In voting to appeal Judge Simon’s ruling — Mayor Charlie Hales and the City Council are more or less telling the community, “We’ve got this.”
The agreement between the DOJ, advocates and the city requires that the Portland Police Bureau change its policies around training, crisis intervention, officer accountability, community engagement and oversight, to name a few. The agreement also recommends creating a mental health center for people experiencing crisis.
We commend the city and police who have already begun to implement many of these requirements. In some cases, it has resulted in programs that we support, such as the walking beat patrols in downtown Portland and along Hawthorne Boulevard.
But we must not collectively forget why the settlement was needed in the first place: a pattern and practice of excessive force against people experiencing mental health problems, followed by the requisite lip service from City Hall.
The reality is that the police reform the community seeks will actually never materialize without the DOJ and the courts mandating the city to do so, and providing the court the power to enforce those change is part and parcel with change itself.

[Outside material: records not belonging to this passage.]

lemma short_run_eq_p_outflow_queue:
  fixes L vf nj \<alpha> \<beta> \<gamma> tstar Ns C t :: real and n q :: "real \<Rightarrow> real"
  assumes pos: "L > 0" "vf > 0" "nj > 0" "\<alpha> > 0"
    and eq: "short_run_eq_p L vf nj \<alpha> \<beta> \<gamma> tstar Ns n q C"
  defines "u \<equiv> (C - sched_delay \<beta> \<gamma> tstar t) * vf / (\<alpha> * L)"
  shows "n t * speed vf nj (n t) / L = nj * vf / L * eq_outflow u \<and> q t = nj / 4 * max (u - 2) 0"
proof -
  define \<tau> where "\<tau> = travel_time_p L vf nj n q t * vf / L"
  have n_nonneg: "0 \<le> n t" and q_nonneg: "0 \<le> q t"
    and q_pos: "q t > 0 \<Longrightarrow> n t = nj / 2" and q_zero: "q t = 0 \<Longrightarrow> n t \<le> nj / 2"
    using eq by (auto simp: short_run_eq_p_def)
  have no_queue: "q t = 0" if "n t \<noteq> nj / 2"
    using that q_pos q_nonneg by fastforce
  have budget_pos: "u = \<tau>" if "n t > 0"
  proof -
    have "C - sched_delay \<beta> \<gamma> tstar t = \<alpha> * travel_time_p L vf nj n q t"
      using eq that by (auto simp: short_run_eq_p_def bathtub_cost_p_def)
    then show ?thesis using pos by (simp add: u_def \<tau>_def)
  qed
  have budget_zero: "u \<le> \<tau>" if "n t = 0"
  proof -
    have "C - sched_delay \<beta> \<gamma> tstar t \<le> \<alpha> * travel_time_p L vf nj n q t"
      using eq that by (force simp: short_run_eq_p_def bathtub_cost_p_def)
    then have "(C - sched_delay \<beta> \<gamma> tstar t) * (vf / (\<alpha> * L))
        \<le> \<alpha> * travel_time_p L vf nj n q t * (vf / (\<alpha> * L))"
      using pos by (intro mult_right_mono) auto
    then show ?thesis using pos by (simp add: u_def \<tau>_def)
  qed
  consider "n t = 0" | "0 < n t" "n t < nj / 2" | "n t = nj / 2"
    using n_nonneg q_pos q_zero q_nonneg by fastforce
  then show ?thesis
  proof cases
    case 1
    then have "u \<le> 1"
      using budget_zero pos by (simp add: \<tau>_def travel_time_p_def speed_def)
    moreover have "q t = 0"
      using 1 pos by (intro no_queue) simp
    ultimately show ?thesis using 1 by (simp add: eq_outflow_def)
  next
    case 2
    define x where "x = n t / nj"
    have x: "0 < x" "x < 1 / 2" and n_eq: "n t = nj * x"
      using 2 pos by (auto simp: x_def field_simps)
    have "\<tau> = 1 / (1 - x)"
      using 2 x pos by (simp add: \<tau>_def travel_time_p_def speed_def flip: x_def)
    then have u_eq: "u = 1 / (1 - x)" using budget_pos 2 by simp
    have u: "1 < u" "u < 2" using x unfolding u_eq by (auto simp: field_simps)
    have "eq_outflow u = (u - 1) / u\<^sup>2" using u by (simp add: eq_outflow_def)
    also have "\<dots> = x * (1 - x)" using x by (simp add: u_eq field_simps power2_eq_square)
    finally have "eq_outflow u = x * (1 - x)" .
    moreover have "q t = 0" using 2 by (intro no_queue) simp
    ultimately show ?thesis
      using u pos by (simp add: n_eq speed_def)
  next
    case 3
    have "\<tau> = 2 + 4 * q t / nj"
      using 3 pos by (simp add: \<tau>_def travel_time_p_def perim_inflow_def field_simps)
    then have "u = 2 + 4 * q t / nj" using budget_pos 3 pos by simp
    then have "2 \<le> u" "q t = nj / 4 * (u - 2)"
      using q_nonneg pos by auto
    moreover have "n t * speed vf nj (n t) / L = nj * vf / L * (1 / 4)"
      using pos by (simp add: 3 speed_def field_simps)
    ultimately show ?thesis by (simp add: eq_outflow_def)
  qed
qed
fun produced :: "move \<Rightarrow> nat multiset" where
  "produced (Comb i) = {#i + 1#}"
| "produced (Split i) = (if i = 2 then {#1, 3#} else {#i - 2, i + 1#})"

fun admissible :: "move \<Rightarrow> bool" where
  "admissible (Comb i) \<longleftrightarrow> 1 \<le> i"
| "admissible (Split i) \<longleftrightarrow> 2 \<le> i"

lemma apply_move_eq: "apply_move m G = G - consumed m + produced m"
  by (cases m) auto

lemma double_subseteq_mset_iff: "{#a, a#} \<subseteq># G \<longleftrightarrow> 2 \<le> count G a"
  by (auto simp: subseteq_mset_def)

lemma pair_subseteq_mset_iff:
  "a \<noteq> b \<Longrightarrow> {#a, b#} \<subseteq># G \<longleftrightarrow> 1 \<le> count G a \<and> 1 \<le> count G b"
  by (auto simp: subseteq_mset_def)

lemma legal_iff_consumed: "legal m G \<longleftrightarrow> admissible m \<and> consumed m \<subseteq># G"
proof (cases m)
  case (Comb i)
  then show ?thesis
    by (cases "i = 0 \<or> i = 1") (auto simp: double_subseteq_mset_iff pair_subseteq_mset_iff)
qed (simp add: double_subseteq_mset_iff)

definition potential :: "nat multiset \<Rightarrow> nat" where
  "potential H = (\<Sum>i\<in>#H. if i \<le> 1 then 3 else i + 3)"

lemma potential_apply_move_less:
  assumes "legal m H"
  shows "potential (apply_move m H) < potential H"
proof -
  obtain R where H: "H = consumed m + R"
    using assms by (auto simp: legal_iff_consumed subset_mset.le_iff_add)
  have "potential (produced m) < potential (consumed m)"
    using assms by (cases m) (auto simp: potential_def legal_iff_consumed)
  then show ?thesis
    by (simp add: apply_move_eq H potential_def)
qed

lemma states_0 [simp]: "states G ms 0 = G"
  by (simp add: states_def)

lemma states_Cons_Suc [simp]: "states G (m # ms) (Suc k) = states (apply_move m G) ms k"
  by (simp add: states_def)

lemma game_path_Nil: "game_path G [] \<longleftrightarrow> terminal G"
  by (simp add: game_path_def)

lemma game_path_Cons: "game_path G (m # ms) \<longleftrightarrow> legal m G \<and> game_path (apply_move m G) ms"
  by (auto simp: game_path_def less_Suc_eq_0_disj)

lemma follows_split_first_Nil: "follows_split_first G []"
  by (simp add: follows_split_first_def)

lemma follows_split_first_Cons:
  "follows_split_first G (m # ms) \<longleftrightarrow>
     split_first_move G m \<and> follows_split_first (apply_move m G) ms"
  by (auto simp: follows_split_first_def less_Suc_eq_0_disj)

definition move_step :: "nat multiset \<Rightarrow> nat multiset \<Rightarrow> bool" where
  "move_step X Y \<longleftrightarrow> (\<exists>m. legal m X \<and> Y = apply_move m X)"

lemma move_stepI: "legal m X \<Longrightarrow> move_step X (apply_move m X)"
  by (auto simp: move_step_def)

lemma game_path_longer_if_tranclp:
  assumes "move_step\<^sup>+\<^sup>+ X Y" and "game_path Y ms"
  shows "\<exists>ms'. game_path X ms' \<and> length ms < length ms'"
  using assms(1)
proof (induction rule: converse_tranclp_induct)
  case (base X)
  then obtain m where "legal m X" "Y = apply_move m X" by (auto simp: move_step_def)
  then show ?case using assms(2) by (intro exI[of _ "m # ms"]) (simp add: game_path_Cons)
next
  case (step X Z)
  then obtain m where "legal m X" "Z = apply_move m X" by (auto simp: move_step_def)
  moreover obtain ms' where "game_path Z ms'" "length ms < length ms'" using step.IH by blast
  ultimately show ?case by (intro exI[of _ "m # ms'"]) (simp add: game_path_Cons)
qed

lemma apply_move_commute:
  assumes "admissible a" "admissible b" "consumed a + consumed b \<subseteq># X"
  shows "legal b (apply_move a X)"
    and "apply_move b (apply_move a X) = apply_move a (apply_move b X)"
proof -
  obtain R where X: "X = consumed a + consumed b + R"
    using assms(3) by (metis subset_mset.le_iff_add)
  have a: "apply_move a X = consumed b + (R + produced a)"
    by (simp add: apply_move_eq X add.assoc)
  have b: "apply_move b X = consumed a + (R + produced b)"
    by (simp add: apply_move_eq X add.commute add.left_commute)
  show "legal b (apply_move a X)"
    using assms(2) by (simp add: a legal_iff_consumed)
  show "apply_move b (apply_move a X) = apply_move a (apply_move b X)"
    unfolding a b by (simp add: apply_move_eq add.commute add.left_commute)
qed

lemma disjoint_consumed_subseteq:
  assumes "consumed a \<subseteq># X" "consumed b \<subseteq># X" "set_mset (consumed a) \<inter> set_mset (consumed b) = {}"
  shows "consumed a + consumed b \<subseteq># X"
  using assms unfolding subseteq_mset_def
  by (metis add.right_neutral add_0 count_eq_zero_iff count_union disjoint_iff)

lemma apply_move_commute_disjoint:
  assumes "legal a X" "legal b X" "set_mset (consumed a) \<inter> set_mset (consumed b) = {}"
  shows "legal b (apply_move a X)"
    and "apply_move b (apply_move a X) = apply_move a (apply_move b X)"
  using assms apply_move_commute[of a b X] disjoint_consumed_subseteq[of a X b]
  by (simp_all add: legal_iff_consumed)

lemma Comb_then_Split:
  assumes "legal (Comb k) B" "1 \<le> count B (k + 1)"
  shows "legal (Split (k + 1)) (apply_move (Comb k) B)"
    and "apply_move (Split (k + 1)) (apply_move (Comb k) B) = apply_move (Comb (k + 1)) B"
proof -
  have "k = 1 \<or> (\<exists>n. k = n + 2)"
    using assms(1) by (cases "k = 1") (auto intro: exI[of _ "k - 2"])
  then have "legal (Split (k + 1)) (apply_move (Comb k) B) \<and>
      apply_move (Split (k + 1)) (apply_move (Comb k) B) = apply_move (Comb (k + 1)) B"
    using assms by (elim disjE exE; simp add: multiset_eq_iff in_diff_count eval_nat_numeral)
  then show "legal (Split (k + 1)) (apply_move (Comb k) B)"
    "apply_move (Split (k + 1)) (apply_move (Comb k) B) = apply_move (Comb (k + 1)) B"
    by blast+
qed

lemma Split_then_Comb:
  assumes "2 \<le> j" "2 \<le> count B j" "1 \<le> count B (j - 1)"
  shows "move_step\<^sup>+\<^sup>+ (apply_move (Split j) B) (apply_move (Comb j) B)"
proof -
  have "j = 2 \<or> (\<exists>n. j = n + 3)"
    using assms(1) by (cases "j = 2") (auto intro: exI[of _ "j - 3"])
  then have "legal (Comb (j - 1)) (apply_move (Split j) B) \<and>
      apply_move (Comb (j - 1)) (apply_move (Split j) B) = apply_move (Comb j) B"
    using assms by (elim disjE exE; simp add: multiset_eq_iff in_diff_count eval_nat_numeral)
  then show ?thesis by (metis move_stepI tranclp.r_into_trancl)
qed

lemma Split_then_Split_Comb:
  assumes "2 \<le> j" "2 \<le> count B j" "1 \<le> count B (j + 1)"
  shows "move_step\<^sup>+\<^sup>+ (apply_move (Split j) B) (apply_move (Comb (j + 1)) B)"
proof -
  define B' where "B' = apply_move (Split (j + 1)) (apply_move (Split j) B)"
  have "j = 2 \<or> (\<exists>n. j = n + 3)"
    using assms(1) by (cases "j = 2") (auto intro: exI[of _ "j - 3"])
  then have "legal (Split (j + 1)) (apply_move (Split j) B) \<and> legal (Comb (j - 1)) B' \<and>
      apply_move (Comb (j - 1)) B' = apply_move (Comb (j + 1)) B"
    using assms by (elim disjE exE; simp add: B'_def multiset_eq_iff in_diff_count eval_nat_numeral)
  then show ?thesis unfolding B'_def
    by (metis move_stepI tranclp.r_into_trancl tranclp.trancl_into_trancl)
qed

lemma overlapping_split_type_resolves:
  assumes "split_type c" "legal c B" "legal r B" "r \<noteq> c"
    and "\<not> consumed c + consumed r \<subseteq># B"
  shows "move_step\<^sup>+\<^sup>+ (apply_move c B) (apply_move r B)"
proof -
  obtain x where x: "x \<in># consumed c" "x \<in># consumed r"
    using assms(2,3,5) disjoint_consumed_subseteq by (fastforce simp: legal_iff_consumed)
  from assms(1) consider "c = Comb 1" | j where "c = Split j"
    by (auto simp: split_type_def)
  then show ?thesis
  proof cases
    case 1
    then have "r = Comb 2"
      using x assms(3,4) by (cases r) (auto split: if_splits)
    moreover have "legal (Comb 1) B" "1 \<le> count B 2"
      using assms(2,3) 1 \<open>r = Comb 2\<close> by simp_all
    ultimately show ?thesis
      using Comb_then_Split[of 1 B, unfolded one_add_one] 1
      by (metis move_stepI tranclp.r_into_trancl)
  next
    case (2 j)
    then have "r = Comb j \<or> r = Comb (j + 1)"
      using x assms(2,3,4) by (cases r) (auto split: if_splits)
    then show ?thesis
      using Split_then_Comb[of j B] Split_then_Split_Comb[of j B] assms(2,3) 2 by auto
  qed
qed

lemma exchange_split_type_move:
  assumes "split_type c" "game_path A ms" "legal c A"
  shows "\<exists>T. game_path (apply_move c A) T \<and> length ms \<le> Suc (length T)"
  using assms(2,3)
proof (induction ms arbitrary: A)
  case Nil
  then show ?case by (auto simp: game_path_Nil terminal_def)
next
  case (Cons r ms)
  then have r: "legal r A" and ms: "game_path (apply_move r A) ms"
    by (auto simp: game_path_Cons)
  consider "r = c" | "r \<noteq> c" "\<not> consumed c + consumed r \<subseteq># A"
    | "consumed c + consumed r \<subseteq># A"
    by blast
  then show ?case
  proof cases
    case 1
    then show ?thesis using ms by auto
  next
    case 2
    then have "move_step\<^sup>+\<^sup>+ (apply_move c A) (apply_move r A)"
      using overlapping_split_type_resolves assms(1) Cons.prems(2) r by blast
    then show ?thesis
      using game_path_longer_if_tranclp ms by fastforce
  next
    case 3
    have adm: "admissible c" "admissible r"
      using Cons.prems(2) r by (auto simp: legal_iff_consumed)
    have "consumed r + consumed c \<subseteq># A"
      using 3 by (simp only: add.commute)
    note commute = apply_move_commute[OF adm 3] apply_move_commute[OF adm(2,1) this]
    obtain T where "game_path (apply_move r (apply_move c A)) T" "length ms \<le> Suc (length T)"
      using Cons.IH[OF ms commute(3)] commute(4) by auto
    then show ?thesis
      using commute(1) by (intro exI[of _ "r # T"]) (simp add: game_path_Cons del: apply_move.simps)
  qed
qed

definition split_free :: "nat multiset \<Rightarrow> bool" where
  "split_free H \<longleftrightarrow> (\<forall>m. split_type m \<longrightarrow> \<not> legal m H)"

definition least_combining :: "nat multiset \<Rightarrow> nat \<Rightarrow> bool" where
  "least_combining H j \<longleftrightarrow>
     2 \<le> j \<and> legal (Comb j) H \<and> (\<forall>l. 2 \<le> l \<and> legal (Comb l) H \<longrightarrow> j \<le> l)"

lemma split_first_move_iff:
  "split_first_move H m \<longleftrightarrow>
     (if split_free H then \<exists>j. m = Comb j \<and> least_combining H j else split_type m \<and> legal m H)"
  by (auto simp: split_first_move_def split_free_def least_combining_def)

When James Chasse, an unarmed mentally ill man was beaten to death at the hands of the Portland Police, then-Mayor Tom Potter called for reforms. It was then-Mayor Sam Adams’ turn at the helm. Now Mayor Charlie Hales says he’s the man. The reality is the police union is stronger than any one mayor or elected official in the city.
More so, Mayor Charlie Hales and City Council should simply pay Multnomah County outright for a mental health crisis center. The city can’t yell fire for transportation costs and then balk at the idea of creating revenue for a mental health center. There’s really no excuse.
If city officials were serious about making sure the reforms outlined in the settlement are cemented into city policy, they must own up to where they have failed in the past and swallow the pill of additional oversight.
Without a third-party watchdog we fear we’re simply just moving policy to policy, chief to chief and mayor to mayor.